In questi casi, la malattia può evolvere verso disidratazione, peggioramento di condizioni preesistenti, problemi respiratori e (più raramente) coinvolgimenti cardiaci. Particolare attenzione va posta ai bambini che presentano febbre associata a vomito: se compariono segni di scarsa diuresi, sonnolenza marcata o dolore persistente, è indicata una valutazione medica tempestiva.
Come curarla bene (e cosa evitare)
La gestione domiciliare resta il cardine nelle forme non complicate. Riposo reale, idratazione abbondante (acqua, tè leggero, brodi), pasti leggeri e frazionati. Per febbre e dolori sono indicati antinfiammatori/antipiretici di uso comune come paracetamolo o ibuprofene, rispettando dosaggi e controindicazioni individuali. In presenza di vomito o diarrea aiutano le soluzioni per la reidratazione orale, utili a reintegrare liquidi e sali.
Gli antibiotici non hanno alcun ruolo contro i virus influenzali e il loro uso inappropriato espone a effetti indesiderati e favorisce resistenze batteriche: vanno usati solo se un medico diagnostica una sovrainfezione batterica. Gli antivirali specifici possono essere prescritti dal medico nei pazienti a rischio o nelle primissime fasi della malattia, secondo indicazioni cliniche. Arieggiare gli ambienti, umidificare correttamente l’aria e dormire a sufficienza contribuiscono a ridurre i sintomi respiratori. È sconsigliato il “rientro eroico” al lavoro o a scuola: affaticare l’organismo prolunga i tempi di guarigione e aumenta la trasmissione ad altri.
Come difendersi: ciò che funziona davvero
La prevenzione combina interventi semplici ma efficaci. La vaccinazione antinfluenzale rimane la misura principale, soprattutto per i soggetti fragili e per chi convive con persone vulnerabili. L’igiene delle mani è un’arma potente: lavaggio frequente con acqua e sapone o soluzione alcolica, evitando di toccare occhi, naso e bocca. Arieggiare regolarmente gli spazi chiusi, limitare la permanenza in ambienti affollati quando si è sintomatici, coprire naso e bocca con il gomito quando si tossisce o starnutisce. L’uso della mascherina in luoghi chiusi molto affollati può ridurre il rischio di contagio, specie nelle settimane di picco. In presenza di febbre, restare a casa non è solo un gesto di cura verso sé stessi: è anche una protezione per colleghi, compagni di classe e familiari più fragili.
Quando rivolgersi al medico
Una valutazione professionale è indicata se la febbre alta persiste oltre 3–4 giorni nonostante i trattamenti, se compaiono difficoltà respiratorie, dolore toracico, confusione, sonnolenza marcata, segni di disidratazione o se si appartiene a gruppi ad alto rischio. Nei bambini molto piccoli (soprattutto sotto i 2 anni) e nelle donne in gravidanza è prudente contattare il pediatra o il medico curante ai primi segnali di peggioramento.

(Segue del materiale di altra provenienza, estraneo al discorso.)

lemma bounded_linear_cinner_left: "bounded_linear (\<lambda>x::'a::chilbert. cinner x y)"
  by (intro bounded_linear_intro[where K = "norm y"])
    (simp_all add: cinner_add_left cinner_scaleR_left scaleR_conv_of_real cinner_cauchy_schwarz)

lemma cinner_eq_on_dense_imp_eq:
  fixes w w' :: "'a::chilbert"
  assumes "closure D = UNIV" and "\<forall>d\<in>D. cinner d w = cinner d w'"
  shows "w = w'"
proof -
  have "closed {x. cinner x (w - w') = 0}"
    by (intro closed_Collect_eq linear_continuous_on bounded_linear_cinner_left) simp
  moreover have "D \<subseteq> {x. cinner x (w - w') = 0}"
    using assms(2) by (simp add: subset_eq cinner_diff_right)
  ultimately have "closure D \<subseteq> {x. cinner x (w - w') = 0}"
    by (rule closure_minimal[rotated])
  then have "cinner (w - w') (w - w') = 0"
    using assms(1) by blast
  then show ?thesis
    by (simp add: cinner_self_norm)
qed

lemma adj_eqI:
  assumes dense: "closure D = UNIV" and adj: "\<forall>d\<in>D. cinner (T d) v = cinner d w"
  shows "v \<in> adj_dom D T" and "adj D T v = w"
proof -
  show "v \<in> adj_dom D T"
    using adj by (auto simp: adj_dom_def)
  show "adj D T v = w"
    unfolding adj_def
  proof (rule the_equality)
    fix w' assume "\<forall>d\<in>D. cinner (T d) v = cinner d w'"
    with adj show "w' = w"
      by (intro cinner_eq_on_dense_imp_eq[OF dense]) simp
  qed (rule adj)
qed

lemma cinner_adj:
  assumes "closure D = UNIV" and "v \<in> adj_dom D T" and "d \<in> D"
  shows "cinner (T d) v = cinner d (adj D T v)"
proof -
  obtain w where w: "\<forall>d\<in>D. cinner (T d) v = cinner d w"
    using assms(2) by (auto simp: adj_dom_def)
  with assms(1) have "adj D T v = w"
    by (rule adj_eqI)
  with w assms(3) show ?thesis
    by simp
qed

lemma adj_add:
  assumes "closure D = UNIV" and "u \<in> adj_dom D T" and "v \<in> adj_dom D T"
  shows "u + v \<in> adj_dom D T" and "adj D T (u + v) = adj D T u + adj D T v"
proof -
  have "\<forall>d\<in>D. cinner (T d) (u + v) = cinner d (adj D T u + adj D T v)"
    using assms by (simp add: cinner_add_right cinner_adj)
  with assms(1) show "u + v \<in> adj_dom D T" "adj D T (u + v) = adj D T u + adj D T v"
    by (rule adj_eqI)+
qed

lemma adj_cscale:
  assumes "closure D = UNIV" and "u \<in> adj_dom D T"
  shows "c *\<^sub>C u \<in> adj_dom D T" and "adj D T (c *\<^sub>C u) = c *\<^sub>C adj D T u"
proof -
  have "\<forall>d\<in>D. cinner (T d) (c *\<^sub>C u) = cinner d (c *\<^sub>C adj D T u)"
    using assms by (simp add: cinner_cscale_right cinner_adj)
  with assms(1) show "c *\<^sub>C u \<in> adj_dom D T" "adj D T (c *\<^sub>C u) = c *\<^sub>C adj D T u"
    by (rule adj_eqI)+
qed

lemma symmetric_op_adj:
  assumes "closure D = UNIV" and "symmetric_op D T" and "d \<in> D"
  shows "d \<in> adj_dom D T" and "adj D T d = T d"
proof -
  have "\<forall>d'\<in>D. cinner (T d') d = cinner d' (T d)"
    using assms by (simp add: symmetric_op_def)
  with assms(1) show "d \<in> adj_dom D T" "adj D T d = T d"
    by (rule adj_eqI)+
qed

definition boundary_form :: "'a::chilbert set \<Rightarrow> ('a \<Rightarrow> 'a) \<Rightarrow> 'a \<Rightarrow> 'a \<Rightarrow> complex" where
  "boundary_form D T u v = cinner (adj D T u) v - cinner u (adj D T v)"

lemma boundary_form_add_left:
  assumes "closure D = UNIV" and "u \<in> adj_dom D T" and "u' \<in> adj_dom D T"
  shows "boundary_form D T (u + u') v = boundary_form D T u v + boundary_form D T u' v"
  using assms by (simp add: boundary_form_def adj_add cinner_add_left)

lemma boundary_form_cscale_left:
  assumes "closure D = UNIV" and "u \<in> adj_dom D T"
  shows "boundary_form D T (c *\<^sub>C u) v = c * boundary_form D T u v"
  using assms by (simp add: boundary_form_def adj_cscale cinner_cscale_left right_diff_distrib)

lemma boundary_form_add_right:
  assumes "closure D = UNIV" and "v \<in> adj_dom D T" and "v' \<in> adj_dom D T"
  shows "boundary_form D T u (v + v') = boundary_form D T u v + boundary_form D T u v'"
  using assms by (simp add: boundary_form_def adj_add cinner_add_right)

lemma boundary_form_cscale_right:
  assumes "closure D = UNIV" and "v \<in> adj_dom D T"
  shows "boundary_form D T u (c *\<^sub>C v) = cnj c * boundary_form D T u v"
  using assms by (simp add: boundary_form_def adj_cscale cinner_cscale_right right_diff_distrib)

lemma boundary_form_eq_0:
  assumes "closure D = UNIV" and "symmetric_op D T" and "u \<in> adj_dom D T" and "d \<in> D"
  shows "boundary_form D T u d = 0"
proof -
  have "cinner (adj D T u) d = cnj (cinner (T d) u)"
    using assms by (simp add: cinner_adj cinner_commute[of d])
  also have "\<dots> = cinner u (adj D T d)"
    using assms by (simp add: symmetric_op_adj cinner_commute[of u])
  finally show ?thesis
    by (simp add: boundary_form_def)
qed

lemma norm_le_graph_norm: "norm u \<le> graph_norm S u"
  unfolding graph_norm_def by (rule real_le_rsqrt) simp

lemma norm_apply_le_graph_norm: "norm (S u) \<le> graph_norm S u"
  unfolding graph_norm_def by (rule real_le_rsqrt) simp

lemma graph_norm_nonneg: "0 \<le> graph_norm S u"
  by (simp add: graph_norm_def)

lemma boundary_form_bound:
  "cmod (boundary_form D T u v) \<le> graph_norm (adj D T) u * (norm v + norm (adj D T v))"
proof -
  have "cmod (boundary_form D T u v) \<le> norm (adj D T u) * norm v + norm u * norm (adj D T v)"
    unfolding boundary_form_def
    by (rule order_trans[OF norm_triangle_ineq4 add_mono]) (rule cinner_cauchy_schwarz)+
  also have "\<dots> \<le> graph_norm (adj D T) u * norm v + graph_norm (adj D T) u * norm (adj D T v)"
    by (intro add_mono mult_right_mono norm_le_graph_norm norm_apply_le_graph_norm) simp_all
  finally show ?thesis
    by (simp add: distrib_left)
qed

lemma surj_closure_image_ball_has_interior:
  fixes f :: "'a::real_normed_vector \<Rightarrow> 'b::banach"
  assumes "surj f"
  obtains s y r where "r > 0" and "ball y r \<subseteq> closure (f ` ball 0 s)"
proof -
  define G where "G = range (\<lambda>n::nat. closure (f ` ball 0 (real n)))"
  have "y \<in> \<Union>G" for y
  proof -
    obtain x where "y = f x"
      using assms by (metis surjD)
    moreover obtain n :: nat where "norm x < real n"
      using reals_Archimedean2 by blast
    ultimately have "y \<in> closure (f ` ball 0 (real n))"
      using closure_subset by fastforce
    then show ?thesis
      by (auto simp: G_def)
  qed
  then have "\<Union>G = UNIV"
    by blast
  have "\<exists>T\<in>G. interior T \<noteq> {}"
  proof (rule ccontr)
    assume "\<not> (\<exists>T\<in>G. interior T \<noteq> {})"
    then have "euclidean interior_of \<Union>G = {}"
      by (intro Baire_category_alt) (auto simp: G_def completely_metrizable_space_euclidean)
    with \<open>\<Union>G = UNIV\<close> show False
      by simp
  qed
  then obtain s y where "y \<in> interior (closure (f ` ball 0 s))"
    by (auto simp: G_def)
  then obtain r where "r > 0" "ball y r \<subseteq> interior (closure (f ` ball 0 s))"
    using open_contains_ball open_interior by blast
  with interior_subset show ?thesis
    by (blast intro: that)
qed

lemma uminus_image_ball_0: "uminus ` ball 0 r = ball (0::'a::real_normed_vector) r"
proof
  show "ball 0 r \<subseteq> uminus ` ball (0::'a) r"
  proof
    fix x :: 'a assume "x \<in> ball 0 r"
    then show "x \<in> uminus ` ball 0 r"
      by (intro image_eqI[of x uminus "- x"]) (auto simp: dist_norm)
  qed
qed (auto simp: dist_norm)

lemma linear_ball_subset_closure_image_ball:
  fixes f :: "'a::real_normed_vector \<Rightarrow> 'b::real_normed_vector"
  assumes f: "linear f" and ball: "ball y r \<subseteq> closure (f ` ball 0 s)"
  shows "ball 0 r \<subseteq> closure (f ` ball 0 (2 * s))"
proof
  fix z :: 'b assume z: "z \<in> ball 0 r"
  define K where "K = f ` ball 0 s"
  have "uminus ` K = f ` uminus ` ball 0 s"
    by (simp add: K_def image_image linear_neg[OF f])
  then have "uminus ` K = K"
    by (simp add: K_def uminus_image_ball_0)
  moreover have "y \<in> closure K"
  proof -
    have "r > 0"
      using z by (auto intro: le_less_trans[OF norm_ge_zero])
    with ball show ?thesis
      by (auto simp: K_def)
  qed
  ultimately have "- y \<in> closure K"
    using closure_bounded_linear_image_subset[OF bounded_linear_minus[OF bounded_linear_ident], of K]
    by auto
  moreover have "y + z \<in> closure K"
    using z ball by (auto simp: K_def subset_eq dist_norm)
  ultimately have "z \<in> closure K + closure K"
    by (metis add.commute diff_add_cancel diff_conv_add_uminus set_plus_intro)
  also have "\<dots> \<subseteq> closure (K + K)"
    by (rule closure_sum)
  also have "\<dots> \<subseteq> closure (f ` ball 0 (2 * s))"
  proof (intro closure_mono subsetI)
    fix w assume "w \<in> K + K"
    then obtain a b where "a \<in> ball 0 s" "b \<in> ball 0 s" "w = f (a + b)"
      by (auto simp: K_def set_plus_def linear_add[OF f])
    moreover have "norm (a + b) < 2 * s"
      using \<open>a \<in> ball 0 s\<close> \<open>b \<in> ball 0 s\<close> by (intro norm_triangle_lt) simp
    ultimately show "w \<in> f ` ball 0 (2 * s)"
      by auto
  qed
  finally show "z \<in> closure (f ` ball 0 (2 * s))" .
qed

lemma surj_linear_halving_preimage:
  fixes f :: "'a::real_normed_vector \<Rightarrow> 'b::banach"
  assumes f: "linear f" and "surj f"
  shows "\<exists>M\<ge>0. \<forall>y. \<exists>x. norm x \<le> M * norm y \<and> norm (y - f x) \<le> norm y / 2"
proof -
  obtain s y0 r where r: "r > 0" and "ball y0 r \<subseteq> closure (f ` ball 0 s)"
    using surj_closure_image_ball_has_interior[OF \<open>surj f\<close>] .
  then have ball: "ball 0 r \<subseteq> closure (f ` ball 0 (2 * s))"
    using linear_ball_subset_closure_image_ball[OF f] by blast
  then have "0 \<in> closure (f ` ball 0 (2 * s))"
    using r by auto
  then have s: "s > 0"
  proof (rule contrapos_pp)
    assume "\<not> s > 0"
    then have "ball (0::'a) (2 * s) = {}"
      by simp
    then show "0 \<notin> closure (f ` ball 0 (2 * s))"
      by (metis closure_empty empty_iff image_empty)
  qed
  have "\<exists>x. norm x \<le> (4 * s / r) * norm y \<and> norm (y - f x) \<le> norm y / 2" for y
  proof (cases "y = 0")
    case False
    define t where "t = 2 * norm y / r"
    have t: "t > 0"
      using False r by (simp add: t_def)
    have "(1 / t) *\<^sub>R y \<in> closure (f ` ball 0 (2 * s))"
      using ball r t by (auto simp: t_def)
    moreover have "r / 4 > 0"
      using r by simp
    ultimately obtain x where x: "norm x < 2 * s" "dist (f x) ((1 / t) *\<^sub>R y) < r / 4"
      unfolding closure_approachable by fastforce
    have "norm (t *\<^sub>R x) \<le> (4 * s / r) * norm y"
      using x(1) t r by (simp add: t_def field_simps)
    moreover have "y - f (t *\<^sub>R x) = t *\<^sub>R ((1 / t) *\<^sub>R y - f x)"
      using t by (simp add: linear_scale[OF f] scaleR_right_diff_distrib)
    then have "norm (y - f (t *\<^sub>R x)) = t * dist (f x) ((1 / t) *\<^sub>R y)"
      using t by (simp add: dist_norm norm_minus_commute)
    moreover have "t * dist (f x) ((1 / t) *\<^sub>R y) \<le> norm y / 2"
      using x(2) t r by (simp add: t_def field_simps)
    ultimately show ?thesis
      by (intro exI[of _ "t *\<^sub>R x"]) simp
  qed (simp add: linear_0[OF f])
  with r s show ?thesis
    by (intro exI[of _ "4 * s / r"]) auto
qed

L’influenza K non cambia le regole del gioco, ma alza l’intensità del campionato: è più abile a diffondersi e arriva prima, con un impatto organizzativo evidente su famiglie, scuole e servizi sanitari. La buona notizia è che gli strumenti per affrontarla restano gli stessi e funzionano: vaccinazione, buone abitudini igieniche, attenzione ai sintomi e cura appropriata. Con informazione chiara e comportamenti responsabili, la stagione può essere gestita con serenità, proteggendo in particolare chi è più esposto alle complicanze.